Causes of lichenoid interface dermatitis

The biopsy in each of these conditions demonstrates a sawtooth rete ridge pattern with destruction of the basal layer, a band-like lymphoid infiltrate, and presence of Civatte bodies. Compact hyperkeratosis and beaded hypergranulosis are typically present. The cells of the stratum spinosum are enlarged and more eosinophilic than the normal epidermis. Vacuoles may be present in the lowest cells of stratum spinosum, but the basal layer is gone. An underlying band-like lymphoid infiltrate is common.

If neither parakeratosis nor eosinophils are noted, the changes are consistent with lichen planus. Lichenoid interface dermatitis with neither eosinophils nor parakeratosis may also be seen in BLK (lichen planus-like keratosis), lichenoid drug eruption, lichenoid GvHD, hypertrophic lupus erythematosus, and lichenoid regression of lentigo maligna. Clinical correlation is essential. Direct immunofluorescence (DIF) will distinguish hypertrophic lupus erythematosus (continuous granular band of immunoglobulins and complement plus cytoid bodies) from lichen planus (shaggy fibrin, cytoid bodies).
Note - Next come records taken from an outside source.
lemmas A_P_dims = carrier_matD[OF A_P_carrier] and A_Z_dims = carrier_matD[OF A_Z_carrier]

locale br_model =
  fixes \<beta> \<sigma> lam \<mu> \<psi> M Mf N p q e2 :: real
  assumes \<beta>_pos: "0 < \<beta>" and \<beta>_less_1: "\<beta> < 1" and \<sigma>_pos: "0 < \<sigma>" and lam_pos: "0 < lam"
    and \<mu>_pos: "0 < \<mu>" and \<psi>_gt_1: "1 < \<psi>" and M_pos: "0 < M" and M_le_1: "M \<le> 1"
    and Mf_pos: "0 < Mf" and Mf_le_1: "Mf \<le> 1" and N_pos: "0 < N" and N_le_1: "N \<le> 1"
    and p_le_1: "p \<le> 1" and q_le_1: "q \<le> 1" and not_both_1: "(p, q) \<noteq> (1, 1)"
    and e2_nonneg: "0 \<le> e2"
begin

abbreviation "qb \<equiv> qbar p q"
abbreviation "BR_RPE e1 Y1 Y2 \<equiv> is_BR_RPE \<beta> \<sigma> lam \<mu> \<psi> M Mf N p q e1 e2 Y1 Y2"
abbreviation "regime Y1 Y2 \<equiv> type_of \<psi> \<mu> Y1 Y2"

(* Given the average output gap X, average inflation is pibar_coef * X.  gap_Z X e and gap_P X e
   solve the IS and Phillips curves of a state with shock e under i = -mu and under
   i = psi * pi respectively. *)
definition "pibar_coef = lam / (1 - Mf * \<beta>)"
definition "taylor_den = 1 + lam * \<sigma> * \<psi>"
definition "slope_Z = M + \<sigma> * N * pibar_coef"
definition "slope_P = (slope_Z - \<sigma> * \<psi> * Mf * \<beta> * pibar_coef) / taylor_den"
definition "gap_Z X e = slope_Z * X + \<sigma> * \<mu> + e"
definition "gap_P X e = slope_P * X + e / taylor_den"
definition "gap X e = min (gap_Z X e) (gap_P X e)"
definition "infl X x = lam * x + Mf * \<beta> * (pibar_coef * X)"
definition "state_at X e = (gap X e, infl X (gap X e))"
definition "xbar Y1 Y2 = qb * fst Y2 + (1 - qb) * fst Y1"

(* The map X \<mapsto> xbar (state_at X e1) (state_at X e2) - X, whose zeros are the BR-RPEs,
   is the minimum over t of the affine functions branch e1 t. *)
definition "gap_in b X e = (if b then gap_Z X e else gap_P X e)"
definition "branch e1 t X =
  qb * gap_in (zlb_state2 t) X e2 + (1 - qb) * gap_in (zlb_state1 t) X e1 - X"
definition "weight_P t = (case t of PP \<Rightarrow> 1 | ZP \<Rightarrow> qb | PZ \<Rightarrow> 1 - qb | ZZ \<Rightarrow> 0)"
definition "branch_slope t = weight_P t * slope_P + (1 - weight_P t) * slope_Z - 1"

lemma qbar_nonneg: "0 \<le> qb" and qbar_le_1: "qb \<le> 1"
proof -
  have "0 < 2 - p - q"
    using p_le_1 q_le_1 not_both_1 by (cases "p = 1"; cases "q = 1") auto
  then show "0 \<le> qb" "qb \<le> 1"
    using p_le_1 q_le_1 by (simp_all add: qbar_def)
qed

lemma Mf_\<beta>_less_1: "Mf * \<beta> < 1"
proof -
  have "Mf * \<beta> \<le> \<beta>"
    using mult_right_mono[OF Mf_le_1, of \<beta>] \<beta>_pos by simp
  then show ?thesis
    using \<beta>_less_1 by simp
qed

lemma taylor_den_gt_1: "1 < taylor_den"
  unfolding taylor_den_def using lam_pos \<sigma>_pos \<psi>_gt_1 by simp

lemma pibar_coef_pos: "0 < pibar_coef"
  unfolding pibar_coef_def using lam_pos Mf_\<beta>_less_1 by simp

lemma pibar_coef_mult: "(1 - Mf * \<beta>) * pibar_coef = lam"
  using Mf_\<beta>_less_1 by (simp add: pibar_coef_def)

lemma pibar_coef_fixed_point: "pibar_coef * X = lam * X + Mf * \<beta> * (pibar_coef * X)"
  using Mf_\<beta>_less_1 by (simp add: pibar_coef_def field_simps)

lemma slope_Z_mult: "(1 - Mf * \<beta>) * slope_Z = (1 - Mf * \<beta>) * M + \<sigma> * N * lam"
proof -
  have "(1 - Mf * \<beta>) * slope_Z = (1 - Mf * \<beta>) * M + \<sigma> * N * ((1 - Mf * \<beta>) * pibar_coef)"
    unfolding slope_Z_def by (simp add: algebra_simps)
  then show ?thesis
    unfolding pibar_coef_mult .
qed

lemma slope_Z_pos: "0 < slope_Z"
proof -
  have "0 < \<sigma> * N * pibar_coef"
    using \<sigma>_pos N_pos pibar_coef_pos by simp
  then show ?thesis
    unfolding slope_Z_def using M_pos by linarith
qed

lemma taylor_den_slope_P: "taylor_den * slope_P = slope_Z - \<sigma> * \<psi> * Mf * \<beta> * pibar_coef"
  using taylor_den_gt_1 by (simp add: slope_P_def)

lemma slope_P_less_slope_Z: "slope_P < slope_Z"
proof -
  have "taylor_den * slope_P < slope_Z"
    using \<sigma>_pos \<psi>_gt_1 Mf_pos \<beta>_pos pibar_coef_pos by (simp add: taylor_den_slope_P)
  also have "slope_Z < taylor_den * slope_Z"
    using taylor_den_gt_1 slope_Z_pos by simp
  finally show ?thesis
    using taylor_den_gt_1 by simp
qed

lemma slope_P_less_1: "slope_P < 1"
proof -
  have "pibar_coef * (N - \<psi> * Mf * \<beta>) < pibar_coef * (\<psi> - \<psi> * Mf * \<beta>)"
    using pibar_coef_pos N_le_1 \<psi>_gt_1 by simp
  also have "\<dots> = lam * \<psi>"
    using Mf_\<beta>_less_1 by (simp add: pibar_coef_def field_simps)
  finally have "\<sigma> * (pibar_coef * (N - \<psi> * Mf * \<beta>)) < \<sigma> * (lam * \<psi>)"
    using \<sigma>_pos by simp
  then have "taylor_den * slope_P < taylor_den"
    using M_le_1 unfolding taylor_den_slope_P by (simp add: slope_Z_def taylor_den_def algebra_simps)
  then show ?thesis
    using taylor_den_gt_1 by simp
qed

lemma slope_Z_ge_1_iff: "1 \<le> slope_Z \<longleftrightarrow> 0 \<le> (M - 1) * (1 - Mf * \<beta>) + lam * \<sigma> * N"
proof -
  have "(1 - Mf * \<beta>) * (slope_Z - 1) = (M - 1) * (1 - Mf * \<beta>) + lam * \<sigma> * N"
    using slope_Z_mult by (simp add: algebra_simps)
  moreover have "1 \<le> slope_Z \<longleftrightarrow> 0 \<le> (1 - Mf * \<beta>) * (slope_Z - 1)"
    using Mf_\<beta>_less_1 by (simp add: zero_le_mult_iff)
  ultimately show ?thesis
    by simp
qed

lemma gap_Z_minus_gap_P: "gap_Z X e - gap_P X e = \<sigma> * (\<psi> * infl X (gap_P X e) + \<mu>)"
proof -
  have "taylor_den * (gap_Z X e - gap_P X e) = taylor_den * (\<sigma> * (\<psi> * infl X (gap_P X e) + \<mu>))"
    using taylor_den_gt_1
    by (simp add: gap_Z_def gap_P_def infl_def taylor_den_slope_P algebra_simps)
      (simp add: taylor_den_def algebra_simps)
  then show ?thesis
    using taylor_den_gt_1 by simp
qed

lemma taylor_den_gap_Z_minus_gap_P:
  "taylor_den * (gap_Z X e - gap_P X e) = \<sigma> * (\<psi> * infl X (gap_Z X e) + \<mu>)"
  using taylor_den_gt_1
  by (simp add: gap_Z_def gap_P_def infl_def right_diff_distrib taylor_den_slope_P algebra_simps)
    (simp add: taylor_den_def algebra_simps)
When parakeratosis is present, lichen planus is very unlikely. The differential diagnosis still includes BLK, lichenoid drug eruption, lichenoid GvHD, and lichenoid regression of a melanocytic lesion. Hypertrophic lupus erythematosus rarely demonstrates parakeratosis.

The presence of eosinophils strongly favors a diagnosis of lichenoid drug eruption. The presence of eosinophils weighs strongly against a diagnosis of lichen planus. They are rarely seen in hypertrophic lupus erythematosus, BLK, lichenoid GvHD, or lichenoid regression of a melanocytic lesion.